Print exactly the lines below between the line holding "using v by (simp add: mult.commute)" and the line holding "by (rule rev_image_eqI) simp", inclusive, and nothing more.

[Dataset entries]
########################################

lemma hnf_lattice_cong:
  assumes "p ^ c dvd b - b'"
  shows "hnf_lattice a c b = hnf_lattice a c b'"
proof -
  have "p ^ c dvd y - z * b \<longleftrightarrow> p ^ c dvd y - z * b'" for y z
  proof -
    have "p ^ c dvd z * (b - b')"
      using assms by simp
    then have "p ^ c dvd (y - z * b) + z * (b - b') \<longleftrightarrow> p ^ c dvd y - z * b"
      by (rule dvd_add_left_iff)
    moreover have "(y - z * b) + z * (b - b') = y - z * b'"
      by (simp add: algebra_simps)
    ultimately show ?thesis
      by simp
  qed
  then show ?thesis
    unfolding hnf_lattice_def by simp
qed

lemma submod2_eq_hnf_lattice:
  assumes L: "submod2 L" and proj: "fst ` L = pow_ideal a"
    and kernel: "{y. (0, y) \<in> L} = pow_ideal c" and b: "(p ^ a, b) \<in> L"
  shows "L = hnf_lattice a c b"
proof (intro equalityI subsetI)
  fix v assume "v \<in> L"
  obtain x y where v: "v = (x, y)"
    by fastforce
  have "x \<in> pow_ideal a"
    using \<open>v \<in> L\<close> proj v by force
  then obtain z where x: "x = p ^ a * z"
    unfolding pow_ideal_def by (auto elim: dvdE)
  have "(x, y) - (z * p ^ a, z * b) \<in> L"
    using submod2_diff[OF L] submod2_smult[OF L b] \<open>v \<in> L\<close> v by blast
  then have "(0, y - z * b) \<in> L"
    using x by (simp add: mult.commute)
  then have "y - z * b \<in> pow_ideal c"
    unfolding kernel[symmetric] by simp
  then show "v \<in> hnf_lattice a c b"
    unfolding v mem_hnf_lattice_iff pow_ideal_def using x by blast
next
  fix v assume "v \<in> hnf_lattice a c b"
  then obtain z y where v: "v = (p ^ a * z, y)" and "p ^ c dvd y - z * b"
    unfolding hnf_lattice_def by blast
  then have "(0, y - z * b) \<in> L"
    using kernel unfolding pow_ideal_def by blast
  then have "(0, y - z * b) + (z * p ^ a, z * b) \<in> L"
    using submod2_add[OF L] submod2_smult[OF L b] by blast
  then show "v \<in> L"
    using v by (simp add: mult.commute)
qed

lemma finite_index_eq_hnf_lattice:
  assumes L: "submod2 L" "finite_index L"
  shows "\<exists>a c b. L = hnf_lattice a c b"
proof -
  obtain k where "(p ^ k * 1, p ^ k * 0) \<in> L"
    using finite_index_power_smult_mem[OF L] by blast
  then have "p ^ k \<in> fst ` L"
    by (rule rev_image_eqI) simp
  moreover have "p ^ k \<noteq> 0"
    using uniformizer_nonzero by simp
  ultimately have "fst ` L \<noteq> {0}"
    by blast
  then obtain a where a: "fst ` L = pow_ideal a"
    using submod1_eq_pow_ideal[OF submod1_fst_image[OF L(1)]] by blast
  obtain k' where "(p ^ k' * 0, p ^ k' * 1) \<in> L"
    using finite_index_power_smult_mem[OF L] by blast
  then have "p ^ k' \<in> {y. (0, y) \<in> L}"
    by simp
  moreover have "p ^ k' \<noteq> 0"
    using uniformizer_nonzero by simp
  ultimately have "{y. (0, y) \<in> L} \<noteq> {0}"
    by blast
  then obtain c where c: "{y. (0, y) \<in> L} = pow_ideal c"
    using submod1_eq_pow_ideal[OF submod1_snd_kernel[OF L(1)]] by blast
  have "p ^ a \<in> fst ` L"
    unfolding a pow_ideal_def by simp
  then obtain v where "v \<in> L" "p ^ a = fst v"
    by (rule imageE)
  then have "(p ^ a, snd v) \<in> L"
    by simp
  with L(1) a c have "L = hnf_lattice a c (snd v)"
    by (rule submod2_eq_hnf_lattice)
  then show ?thesis
    by blast
qed

lemma image_pow_ideal_subset_iff:
  assumes L: "submod2 L"
  shows "(\<lambda>x. (x * w1, x * w2)) ` pow_ideal k \<subseteq> L \<longleftrightarrow> (p ^ k * w1, p ^ k * w2) \<in> L"
proof
  assume "(\<lambda>x. (x * w1, x * w2)) ` pow_ideal k \<subseteq> L"
  moreover have "p ^ k \<in> pow_ideal k"
    by (simp add: pow_ideal_def)
  ultimately show "(p ^ k * w1, p ^ k * w2) \<in> L"
    by blast
next
  assume gen: "(p ^ k * w1, p ^ k * w2) \<in> L"
  show "(\<lambda>x. (x * w1, x * w2)) ` pow_ideal k \<subseteq> L"
  proof
    fix v assume "v \<in> (\<lambda>x. (x * w1, x * w2)) ` pow_ideal k"
    then obtain r where "v = (p ^ k * r * w1, p ^ k * r * w2)"
      unfolding pow_ideal_def by (auto elim!: dvdE)
    then have "v = (r * (p ^ k * w1), r * (p ^ k * w2))"
      by (simp add: algebra_simps)
    then show "v \<in> L"
      using submod2_smult[OF L gen] by simp
  qed
qed

text \<open>\<open>ann_exp c g\<close> is the exponent of the annihilator \<open>p ^ ann_exp c g \<cdot> o\<close> of \<open>g\<close> in \<open>o / p ^ c\<close>,
  i.e.\ \<open>c\<close> minus the valuation of \<open>g\<close>, truncated at \<open>0\<close>.\<close>
definition ann_exp :: "nat \<Rightarrow> 'a \<Rightarrow> nat" where
  "ann_exp c g = (LEAST j. p ^ c dvd p ^ j * g)"

lemma ann_exp_le_iff: "ann_exp c g \<le> j \<longleftrightarrow> p ^ c dvd p ^ j * g"
proof
  have "p ^ c dvd p ^ c * g"
    by simp
  then have "p ^ c dvd p ^ ann_exp c g * g"
    unfolding ann_exp_def by (rule LeastI)
  moreover assume "ann_exp c g \<le> j"
  then have "p ^ j * g = p ^ (j - ann_exp c g) * (p ^ ann_exp c g * g)"
    by (simp add: mult.assoc flip: power_add)
  ultimately show "p ^ c dvd p ^ j * g"
    by (metis dvd_mult)
qed (simp add: ann_exp_def Least_le)

lemma ann_exp_eqI:
  assumes "\<And>j. p ^ c dvd p ^ j * g \<longleftrightarrow> k \<le> j"
  shows "ann_exp c g = k"
  using assms ann_exp_le_iff[of c g] by (metis le_antisym order_refl)

lemma ann_exp_le: "ann_exp c g \<le> c"
  by (simp add: ann_exp_le_iff)

lemma ann_exp_0 [simp]: "ann_exp 0 g = 0"
  using ann_exp_le[of 0 g] by simp

lemma ann_exp_unit:
  assumes "\<not> p dvd g"
  shows "ann_exp c g = c"
proof (rule ann_exp_eqI)
  fix j
  obtain w where w: "1 = g * w"
    using unit_if_not_dvd[OF assms] by (rule dvdE)
  have "p ^ c dvd p ^ j * g \<longleftrightarrow> p ^ c dvd p ^ j"
  proof
    assume "p ^ c dvd p ^ j * g"
    then have "p ^ c dvd p ^ j * g * w"
      by (rule dvd_mult2)
    then show "p ^ c dvd p ^ j"
      by (simp add: mult.assoc flip: w)
  qed (rule dvd_mult2)
  then show "p ^ c dvd p ^ j * g \<longleftrightarrow> c \<le> j"
    by (simp add: power_dvd_power_iff)
qed

lemma ann_exp_Suc_mult [simp]: "ann_exp (Suc c) (p * g) = ann_exp c g"
proof (rule ann_exp_eqI)
  fix j
  have "p ^ Suc c dvd p ^ j * (p * g) \<longleftrightarrow> p * p ^ c dvd p * (p ^ j * g)"
    by (simp add: algebra_simps)
  also have "\<dots> \<longleftrightarrow> ann_exp c g \<le> j"
    using uniformizer_nonzero by (simp add: ann_exp_le_iff)
  finally show "p ^ Suc c dvd p ^ j * (p * g) \<longleftrightarrow> ann_exp c g \<le> j" .
qed

lemma ann_exp_uminus [simp]: "ann_exp c (- g) = ann_exp c g"
  by (rule ann_exp_eqI) (simp add: ann_exp_le_iff)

########################################

__WRITTEN SOLUTION__.
    using v by (simp add: mult.commute)
qed

lemma finite_index_eq_hnf_lattice:
  assumes L: "submod2 L" "finite_index L"
  shows "\<exists>a c b. L = hnf_lattice a c b"
proof -
  obtain k where "(p ^ k * 1, p ^ k * 0) \<in> L"
    using finite_index_power_smult_mem[OF L] by blast
  then have "p ^ k \<in> fst ` L"
    by (rule rev_image_eqI) simp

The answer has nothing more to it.